Problem requirements: Only the lines below starting at the one that contains "(u \<bullet> u)" and ending at the one that contains "(simp add: dot_square_norm)" are to be reproduced, exactly and with both ends kept.

Segment Start: Material supplied

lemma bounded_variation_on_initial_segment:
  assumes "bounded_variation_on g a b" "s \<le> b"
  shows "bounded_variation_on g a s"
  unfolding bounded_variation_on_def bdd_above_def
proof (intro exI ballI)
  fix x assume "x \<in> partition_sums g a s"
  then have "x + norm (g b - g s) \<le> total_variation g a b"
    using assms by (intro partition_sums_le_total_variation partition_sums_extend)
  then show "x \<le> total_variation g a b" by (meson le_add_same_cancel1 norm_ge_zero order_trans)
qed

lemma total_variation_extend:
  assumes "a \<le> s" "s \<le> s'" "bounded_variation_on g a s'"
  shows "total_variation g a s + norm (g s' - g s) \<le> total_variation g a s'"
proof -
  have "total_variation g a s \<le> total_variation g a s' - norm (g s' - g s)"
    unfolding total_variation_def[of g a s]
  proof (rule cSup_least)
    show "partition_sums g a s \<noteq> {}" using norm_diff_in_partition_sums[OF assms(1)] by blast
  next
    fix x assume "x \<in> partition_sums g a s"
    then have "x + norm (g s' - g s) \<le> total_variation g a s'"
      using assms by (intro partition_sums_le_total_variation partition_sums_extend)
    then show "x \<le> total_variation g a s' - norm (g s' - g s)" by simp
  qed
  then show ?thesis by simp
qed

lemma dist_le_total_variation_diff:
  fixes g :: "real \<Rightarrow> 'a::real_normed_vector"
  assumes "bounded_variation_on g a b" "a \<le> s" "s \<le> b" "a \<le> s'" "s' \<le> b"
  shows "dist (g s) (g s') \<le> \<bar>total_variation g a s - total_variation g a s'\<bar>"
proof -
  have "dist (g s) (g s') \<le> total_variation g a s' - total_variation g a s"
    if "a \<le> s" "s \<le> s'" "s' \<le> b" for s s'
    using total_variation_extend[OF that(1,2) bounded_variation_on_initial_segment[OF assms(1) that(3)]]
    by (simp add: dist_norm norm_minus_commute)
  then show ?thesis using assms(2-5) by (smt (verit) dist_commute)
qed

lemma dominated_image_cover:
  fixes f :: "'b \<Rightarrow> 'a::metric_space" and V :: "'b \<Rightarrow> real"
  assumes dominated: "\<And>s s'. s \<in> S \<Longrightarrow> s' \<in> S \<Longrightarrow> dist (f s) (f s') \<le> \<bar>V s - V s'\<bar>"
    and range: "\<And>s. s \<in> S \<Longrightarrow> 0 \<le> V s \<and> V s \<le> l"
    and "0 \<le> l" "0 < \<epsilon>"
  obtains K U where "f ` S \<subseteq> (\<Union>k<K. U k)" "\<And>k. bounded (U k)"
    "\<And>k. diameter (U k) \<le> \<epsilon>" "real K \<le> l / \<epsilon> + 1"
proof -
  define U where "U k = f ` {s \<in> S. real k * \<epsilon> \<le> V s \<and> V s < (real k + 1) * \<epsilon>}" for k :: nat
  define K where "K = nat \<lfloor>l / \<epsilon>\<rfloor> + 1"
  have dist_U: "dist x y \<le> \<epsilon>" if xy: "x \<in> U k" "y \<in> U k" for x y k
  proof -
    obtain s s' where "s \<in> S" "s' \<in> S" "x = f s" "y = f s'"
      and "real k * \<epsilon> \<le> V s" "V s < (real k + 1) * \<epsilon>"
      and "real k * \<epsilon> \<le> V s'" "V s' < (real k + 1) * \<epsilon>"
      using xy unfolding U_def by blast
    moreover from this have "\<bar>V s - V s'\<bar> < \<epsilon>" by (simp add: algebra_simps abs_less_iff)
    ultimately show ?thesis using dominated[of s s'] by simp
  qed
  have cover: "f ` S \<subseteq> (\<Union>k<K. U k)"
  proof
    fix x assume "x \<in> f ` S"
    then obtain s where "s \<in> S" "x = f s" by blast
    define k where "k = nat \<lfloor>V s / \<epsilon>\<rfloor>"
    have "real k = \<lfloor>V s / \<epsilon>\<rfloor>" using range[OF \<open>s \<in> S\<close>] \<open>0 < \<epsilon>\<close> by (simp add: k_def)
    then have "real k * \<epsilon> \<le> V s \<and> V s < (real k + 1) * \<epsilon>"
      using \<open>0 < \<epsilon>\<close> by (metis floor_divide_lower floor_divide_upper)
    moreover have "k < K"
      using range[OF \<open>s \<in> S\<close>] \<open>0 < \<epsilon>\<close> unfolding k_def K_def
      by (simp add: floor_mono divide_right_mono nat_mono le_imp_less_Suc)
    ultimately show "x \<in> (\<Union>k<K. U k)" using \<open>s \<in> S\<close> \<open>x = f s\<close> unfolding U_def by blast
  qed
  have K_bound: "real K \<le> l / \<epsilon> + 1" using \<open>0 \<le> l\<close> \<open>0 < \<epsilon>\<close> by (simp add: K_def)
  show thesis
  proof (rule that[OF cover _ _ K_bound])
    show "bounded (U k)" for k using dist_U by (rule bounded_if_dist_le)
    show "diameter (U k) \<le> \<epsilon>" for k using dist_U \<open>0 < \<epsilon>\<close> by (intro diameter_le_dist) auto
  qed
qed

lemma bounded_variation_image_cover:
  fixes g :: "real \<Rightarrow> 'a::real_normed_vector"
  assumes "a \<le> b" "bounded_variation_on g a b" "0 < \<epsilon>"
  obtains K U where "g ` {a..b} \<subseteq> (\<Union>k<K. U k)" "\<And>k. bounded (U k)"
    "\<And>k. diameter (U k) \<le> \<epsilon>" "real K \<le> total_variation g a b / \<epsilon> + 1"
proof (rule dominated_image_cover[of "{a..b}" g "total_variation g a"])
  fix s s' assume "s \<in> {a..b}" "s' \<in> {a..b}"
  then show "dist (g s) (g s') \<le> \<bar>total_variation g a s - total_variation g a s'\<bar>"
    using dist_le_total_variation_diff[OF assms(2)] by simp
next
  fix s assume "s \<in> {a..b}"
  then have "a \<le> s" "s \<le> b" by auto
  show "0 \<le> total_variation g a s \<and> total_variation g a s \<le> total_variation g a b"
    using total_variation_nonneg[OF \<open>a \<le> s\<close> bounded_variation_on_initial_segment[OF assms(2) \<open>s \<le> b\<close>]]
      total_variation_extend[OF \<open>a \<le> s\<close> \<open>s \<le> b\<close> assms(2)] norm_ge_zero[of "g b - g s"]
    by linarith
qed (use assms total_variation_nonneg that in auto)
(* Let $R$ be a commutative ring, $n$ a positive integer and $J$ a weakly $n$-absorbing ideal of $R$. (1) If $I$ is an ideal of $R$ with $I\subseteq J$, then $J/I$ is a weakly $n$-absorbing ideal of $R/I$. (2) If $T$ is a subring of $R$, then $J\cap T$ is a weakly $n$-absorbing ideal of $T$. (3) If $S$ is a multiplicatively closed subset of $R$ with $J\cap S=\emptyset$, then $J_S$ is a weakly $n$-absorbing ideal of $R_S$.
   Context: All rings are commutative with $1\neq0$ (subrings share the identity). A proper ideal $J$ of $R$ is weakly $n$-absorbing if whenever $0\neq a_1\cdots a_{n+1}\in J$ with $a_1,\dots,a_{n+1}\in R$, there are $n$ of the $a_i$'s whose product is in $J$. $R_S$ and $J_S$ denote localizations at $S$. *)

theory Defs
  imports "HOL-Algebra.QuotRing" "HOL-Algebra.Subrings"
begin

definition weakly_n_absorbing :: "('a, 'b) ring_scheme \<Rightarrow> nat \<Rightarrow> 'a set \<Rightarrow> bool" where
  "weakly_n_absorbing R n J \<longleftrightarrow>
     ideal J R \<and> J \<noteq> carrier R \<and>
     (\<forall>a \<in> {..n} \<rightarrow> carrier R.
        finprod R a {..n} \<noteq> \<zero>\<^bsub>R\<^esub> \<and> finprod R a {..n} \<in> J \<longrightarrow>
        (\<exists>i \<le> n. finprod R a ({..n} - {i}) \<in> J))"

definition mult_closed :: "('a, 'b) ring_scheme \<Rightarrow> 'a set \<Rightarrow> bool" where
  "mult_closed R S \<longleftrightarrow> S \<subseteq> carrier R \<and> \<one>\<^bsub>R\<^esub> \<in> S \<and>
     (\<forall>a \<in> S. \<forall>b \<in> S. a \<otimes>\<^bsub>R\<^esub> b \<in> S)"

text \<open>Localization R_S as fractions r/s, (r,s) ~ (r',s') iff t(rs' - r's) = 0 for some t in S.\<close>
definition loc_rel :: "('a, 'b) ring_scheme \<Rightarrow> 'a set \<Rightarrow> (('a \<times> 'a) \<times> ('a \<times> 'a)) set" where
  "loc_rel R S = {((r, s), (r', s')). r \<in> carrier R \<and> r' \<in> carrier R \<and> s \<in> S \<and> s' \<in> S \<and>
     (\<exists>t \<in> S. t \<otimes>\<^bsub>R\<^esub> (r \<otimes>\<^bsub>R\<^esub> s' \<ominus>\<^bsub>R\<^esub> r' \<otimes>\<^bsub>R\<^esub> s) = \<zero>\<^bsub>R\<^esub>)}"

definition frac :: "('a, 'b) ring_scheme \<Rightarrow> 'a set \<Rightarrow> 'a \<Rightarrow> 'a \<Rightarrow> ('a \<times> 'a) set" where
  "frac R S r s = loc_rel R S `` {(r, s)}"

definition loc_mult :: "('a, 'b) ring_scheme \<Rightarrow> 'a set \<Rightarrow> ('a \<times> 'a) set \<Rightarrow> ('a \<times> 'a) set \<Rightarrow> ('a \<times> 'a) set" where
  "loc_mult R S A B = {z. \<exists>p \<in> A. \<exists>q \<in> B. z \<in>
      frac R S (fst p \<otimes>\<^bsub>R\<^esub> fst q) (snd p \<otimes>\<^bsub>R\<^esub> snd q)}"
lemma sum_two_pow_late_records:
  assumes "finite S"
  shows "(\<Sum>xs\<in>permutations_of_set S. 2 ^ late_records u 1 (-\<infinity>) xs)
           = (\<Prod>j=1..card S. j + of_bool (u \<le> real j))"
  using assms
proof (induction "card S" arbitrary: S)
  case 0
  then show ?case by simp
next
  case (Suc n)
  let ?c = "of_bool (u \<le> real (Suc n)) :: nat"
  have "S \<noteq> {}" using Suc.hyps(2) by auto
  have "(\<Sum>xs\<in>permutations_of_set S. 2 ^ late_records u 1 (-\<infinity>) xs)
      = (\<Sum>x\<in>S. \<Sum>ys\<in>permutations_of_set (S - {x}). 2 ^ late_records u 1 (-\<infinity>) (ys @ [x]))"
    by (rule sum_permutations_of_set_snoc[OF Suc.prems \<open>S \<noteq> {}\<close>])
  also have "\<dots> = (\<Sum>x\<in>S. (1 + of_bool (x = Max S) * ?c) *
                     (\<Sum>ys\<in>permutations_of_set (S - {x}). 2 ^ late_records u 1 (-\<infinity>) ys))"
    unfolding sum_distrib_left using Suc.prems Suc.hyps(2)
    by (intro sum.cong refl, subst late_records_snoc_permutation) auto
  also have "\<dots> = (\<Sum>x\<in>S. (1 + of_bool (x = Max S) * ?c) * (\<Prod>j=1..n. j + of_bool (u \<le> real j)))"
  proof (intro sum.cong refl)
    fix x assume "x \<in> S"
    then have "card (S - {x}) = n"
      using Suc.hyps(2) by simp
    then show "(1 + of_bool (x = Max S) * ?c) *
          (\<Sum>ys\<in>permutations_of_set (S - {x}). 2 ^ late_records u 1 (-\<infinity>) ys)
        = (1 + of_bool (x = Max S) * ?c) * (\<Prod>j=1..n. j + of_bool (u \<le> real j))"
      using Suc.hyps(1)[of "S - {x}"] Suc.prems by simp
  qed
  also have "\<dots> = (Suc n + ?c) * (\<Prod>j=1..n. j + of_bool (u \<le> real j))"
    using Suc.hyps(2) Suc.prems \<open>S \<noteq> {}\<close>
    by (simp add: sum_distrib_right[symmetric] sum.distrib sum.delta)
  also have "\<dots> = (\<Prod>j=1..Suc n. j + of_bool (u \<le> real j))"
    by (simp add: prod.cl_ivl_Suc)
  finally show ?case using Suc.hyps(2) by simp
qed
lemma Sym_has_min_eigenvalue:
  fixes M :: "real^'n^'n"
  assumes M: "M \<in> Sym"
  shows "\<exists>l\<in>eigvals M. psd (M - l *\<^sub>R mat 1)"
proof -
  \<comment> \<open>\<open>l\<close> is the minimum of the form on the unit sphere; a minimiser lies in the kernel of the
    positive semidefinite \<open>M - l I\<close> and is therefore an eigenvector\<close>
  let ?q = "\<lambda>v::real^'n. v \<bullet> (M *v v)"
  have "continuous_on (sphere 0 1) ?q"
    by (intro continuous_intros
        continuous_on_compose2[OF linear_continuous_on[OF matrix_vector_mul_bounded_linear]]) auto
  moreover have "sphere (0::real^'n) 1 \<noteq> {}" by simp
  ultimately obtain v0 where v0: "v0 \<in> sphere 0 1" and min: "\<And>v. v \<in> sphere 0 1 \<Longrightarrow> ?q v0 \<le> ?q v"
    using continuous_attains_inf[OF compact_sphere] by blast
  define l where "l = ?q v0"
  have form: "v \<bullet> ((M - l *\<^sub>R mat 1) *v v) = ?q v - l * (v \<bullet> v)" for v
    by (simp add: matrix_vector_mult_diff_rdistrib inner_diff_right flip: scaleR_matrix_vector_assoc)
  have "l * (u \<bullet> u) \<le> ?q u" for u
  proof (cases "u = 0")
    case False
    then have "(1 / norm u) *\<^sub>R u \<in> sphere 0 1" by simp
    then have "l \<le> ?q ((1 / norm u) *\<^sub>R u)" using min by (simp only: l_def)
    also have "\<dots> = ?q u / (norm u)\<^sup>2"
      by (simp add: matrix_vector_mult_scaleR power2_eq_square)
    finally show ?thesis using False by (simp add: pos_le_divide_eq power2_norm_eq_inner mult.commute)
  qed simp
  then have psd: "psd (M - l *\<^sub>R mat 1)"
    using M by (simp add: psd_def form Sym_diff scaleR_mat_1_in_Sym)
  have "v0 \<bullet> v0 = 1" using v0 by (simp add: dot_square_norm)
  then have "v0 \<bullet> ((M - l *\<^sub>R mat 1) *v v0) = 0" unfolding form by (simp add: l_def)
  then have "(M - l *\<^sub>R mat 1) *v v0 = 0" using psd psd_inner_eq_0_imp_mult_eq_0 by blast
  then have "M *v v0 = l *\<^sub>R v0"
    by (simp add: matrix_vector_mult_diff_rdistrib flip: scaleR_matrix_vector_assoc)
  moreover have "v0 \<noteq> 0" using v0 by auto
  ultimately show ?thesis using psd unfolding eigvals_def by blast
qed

Segment End: Material supplied

Expected answer:
  have "l * (u \<bullet> u) \<le> ?q u" for u
  proof (cases "u = 0")
    case False
    then have "(1 / norm u) *\<^sub>R u \<in> sphere 0 1" by simp
    then have "l \<le> ?q ((1 / norm u) *\<^sub>R u)" using min by (simp only: l_def)
    also have "\<dots> = ?q u / (norm u)\<^sup>2"
      by (simp add: matrix_vector_mult_scaleR power2_eq_square)
    finally show ?thesis using False by (simp add: pos_le_divide_eq power2_norm_eq_inner mult.commute)
  qed simp
  then have psd: "psd (M - l *\<^sub>R mat 1)"
    using M by (simp add: psd_def form Sym_diff scaleR_mat_1_in_Sym)
  have "v0 \<bullet> v0 = 1" using v0 by (simp add: dot_square_norm)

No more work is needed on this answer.